- MATERIALS PROVIDED:
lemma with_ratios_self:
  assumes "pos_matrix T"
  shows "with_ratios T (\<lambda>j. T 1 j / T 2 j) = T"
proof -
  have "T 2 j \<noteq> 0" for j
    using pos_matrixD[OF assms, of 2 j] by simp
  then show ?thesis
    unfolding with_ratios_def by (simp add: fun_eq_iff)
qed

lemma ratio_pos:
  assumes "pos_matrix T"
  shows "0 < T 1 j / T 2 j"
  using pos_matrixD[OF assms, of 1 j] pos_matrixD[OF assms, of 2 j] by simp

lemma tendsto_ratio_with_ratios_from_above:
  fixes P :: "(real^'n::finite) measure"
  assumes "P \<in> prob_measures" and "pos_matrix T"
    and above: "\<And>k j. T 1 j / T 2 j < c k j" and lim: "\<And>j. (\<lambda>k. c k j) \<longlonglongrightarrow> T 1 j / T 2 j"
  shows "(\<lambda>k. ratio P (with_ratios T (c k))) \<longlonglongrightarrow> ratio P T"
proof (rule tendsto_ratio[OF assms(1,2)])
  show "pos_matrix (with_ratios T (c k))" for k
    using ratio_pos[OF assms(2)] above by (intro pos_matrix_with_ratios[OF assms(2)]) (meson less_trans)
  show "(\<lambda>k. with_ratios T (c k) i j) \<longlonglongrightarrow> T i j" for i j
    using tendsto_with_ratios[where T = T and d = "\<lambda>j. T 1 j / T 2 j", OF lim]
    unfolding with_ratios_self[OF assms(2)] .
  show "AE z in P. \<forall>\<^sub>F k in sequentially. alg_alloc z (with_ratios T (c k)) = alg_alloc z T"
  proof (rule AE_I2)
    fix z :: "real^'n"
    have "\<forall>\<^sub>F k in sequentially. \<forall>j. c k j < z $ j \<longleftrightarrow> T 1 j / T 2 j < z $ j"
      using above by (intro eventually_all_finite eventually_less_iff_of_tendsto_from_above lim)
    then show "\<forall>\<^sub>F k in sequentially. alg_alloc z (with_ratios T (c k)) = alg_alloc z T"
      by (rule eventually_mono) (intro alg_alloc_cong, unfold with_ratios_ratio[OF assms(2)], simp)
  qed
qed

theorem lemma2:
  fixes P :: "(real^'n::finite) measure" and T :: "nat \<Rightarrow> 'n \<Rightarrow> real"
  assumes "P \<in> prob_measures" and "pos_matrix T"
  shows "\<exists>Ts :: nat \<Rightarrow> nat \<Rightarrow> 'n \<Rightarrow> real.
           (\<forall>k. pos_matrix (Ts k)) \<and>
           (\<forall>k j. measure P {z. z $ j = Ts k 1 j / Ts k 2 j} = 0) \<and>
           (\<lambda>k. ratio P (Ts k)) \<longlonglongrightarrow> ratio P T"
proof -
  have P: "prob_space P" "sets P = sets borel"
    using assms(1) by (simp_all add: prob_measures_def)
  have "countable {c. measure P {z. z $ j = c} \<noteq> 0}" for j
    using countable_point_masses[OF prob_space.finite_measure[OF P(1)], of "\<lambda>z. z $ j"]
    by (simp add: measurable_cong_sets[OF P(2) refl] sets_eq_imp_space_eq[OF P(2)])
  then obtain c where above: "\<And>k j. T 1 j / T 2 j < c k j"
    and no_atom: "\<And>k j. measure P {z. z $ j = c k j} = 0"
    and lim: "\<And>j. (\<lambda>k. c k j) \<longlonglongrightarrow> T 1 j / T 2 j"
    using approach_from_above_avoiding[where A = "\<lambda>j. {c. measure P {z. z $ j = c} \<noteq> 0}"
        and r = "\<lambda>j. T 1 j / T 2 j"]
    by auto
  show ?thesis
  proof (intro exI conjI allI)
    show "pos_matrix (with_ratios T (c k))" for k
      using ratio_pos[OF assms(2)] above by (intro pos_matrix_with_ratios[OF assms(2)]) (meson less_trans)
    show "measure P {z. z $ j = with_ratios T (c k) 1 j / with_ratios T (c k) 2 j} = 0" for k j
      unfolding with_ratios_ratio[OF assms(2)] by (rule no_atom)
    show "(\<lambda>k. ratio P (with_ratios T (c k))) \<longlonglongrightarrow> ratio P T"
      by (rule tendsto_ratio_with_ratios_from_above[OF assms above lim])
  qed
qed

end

- TASK: The task requires an exact copy of all the lines above.

- EXERCISE SOLUTION:
lemma with_ratios_self:
  assumes "pos_matrix T"
  shows "with_ratios T (\<lambda>j. T 1 j / T 2 j) = T"
proof -
  have "T 2 j \<noteq> 0" for j
    using pos_matrixD[OF assms, of 2 j] by simp
  then show ?thesis
    unfolding with_ratios_def by (simp add: fun_eq_iff)
qed

lemma ratio_pos:
  assumes "pos_matrix T"
  shows "0 < T 1 j / T 2 j"
  using pos_matrixD[OF assms, of 1 j] pos_matrixD[OF assms, of 2 j] by simp

lemma tendsto_ratio_with_ratios_from_above:
  fixes P :: "(real^'n::finite) measure"
  assumes "P \<in> prob_measures" and "pos_matrix T"
    and above: "\<And>k j. T 1 j / T 2 j < c k j" and lim: "\<And>j. (\<lambda>k. c k j) \<longlonglongrightarrow> T 1 j / T 2 j"
  shows "(\<lambda>k. ratio P (with_ratios T (c k))) \<longlonglongrightarrow> ratio P T"
proof (rule tendsto_ratio[OF assms(1,2)])
  show "pos_matrix (with_ratios T (c k))" for k
    using ratio_pos[OF assms(2)] above by (intro pos_matrix_with_ratios[OF assms(2)]) (meson less_trans)
  show "(\<lambda>k. with_ratios T (c k) i j) \<longlonglongrightarrow> T i j" for i j
    using tendsto_with_ratios[where T = T and d = "\<lambda>j. T 1 j / T 2 j", OF lim]
    unfolding with_ratios_self[OF assms(2)] .
  show "AE z in P. \<forall>\<^sub>F k in sequentially. alg_alloc z (with_ratios T (c k)) = alg_alloc z T"
  proof (rule AE_I2)
    fix z :: "real^'n"
    have "\<forall>\<^sub>F k in sequentially. \<forall>j. c k j < z $ j \<longleftrightarrow> T 1 j / T 2 j < z $ j"
      using above by (intro eventually_all_finite eventually_less_iff_of_tendsto_from_above lim)
    then show "\<forall>\<^sub>F k in sequentially. alg_alloc z (with_ratios T (c k)) = alg_alloc z T"
      by (rule eventually_mono) (intro alg_alloc_cong, unfold with_ratios_ratio[OF assms(2)], simp)
  qed
qed

theorem lemma2:
  fixes P :: "(real^'n::finite) measure" and T :: "nat \<Rightarrow> 'n \<Rightarrow> real"
  assumes "P \<in> prob_measures" and "pos_matrix T"
  shows "\<exists>Ts :: nat \<Rightarrow> nat \<Rightarrow> 'n \<Rightarrow> real.
           (\<forall>k. pos_matrix (Ts k)) \<and>
           (\<forall>k j. measure P {z. z $ j = Ts k 1 j / Ts k 2 j} = 0) \<and>
           (\<lambda>k. ratio P (Ts k)) \<longlonglongrightarrow> ratio P T"
proof -
  have P: "prob_space P" "sets P = sets borel"
    using assms(1) by (simp_all add: prob_measures_def)
  have "countable {c. measure P {z. z $ j = c} \<noteq> 0}" for j
    using countable_point_masses[OF prob_space.finite_measure[OF P(1)], of "\<lambda>z. z $ j"]
    by (simp add: measurable_cong_sets[OF P(2) refl] sets_eq_imp_space_eq[OF P(2)])
  then obtain c where above: "\<And>k j. T 1 j / T 2 j < c k j"
    and no_atom: "\<And>k j. measure P {z. z $ j = c k j} = 0"
    and lim: "\<And>j. (\<lambda>k. c k j) \<longlonglongrightarrow> T 1 j / T 2 j"
    using approach_from_above_avoiding[where A = "\<lambda>j. {c. measure P {z. z $ j = c} \<noteq> 0}"
        and r = "\<lambda>j. T 1 j / T 2 j"]
    by auto
  show ?thesis
  proof (intro exI conjI allI)
    show "pos_matrix (with_ratios T (c k))" for k
      using ratio_pos[OF assms(2)] above by (intro pos_matrix_with_ratios[OF assms(2)]) (meson less_trans)
    show "measure P {z. z $ j = with_ratios T (c k) 1 j / with_ratios T (c k) 2 j} = 0" for k j
      unfolding with_ratios_ratio[OF assms(2)] by (rule no_atom)
    show "(\<lambda>k. ratio P (with_ratios T (c k))) \<longlonglongrightarrow> ratio P T"
      by (rule tendsto_ratio_with_ratios_from_above[OF assms above lim])
  qed
qed

end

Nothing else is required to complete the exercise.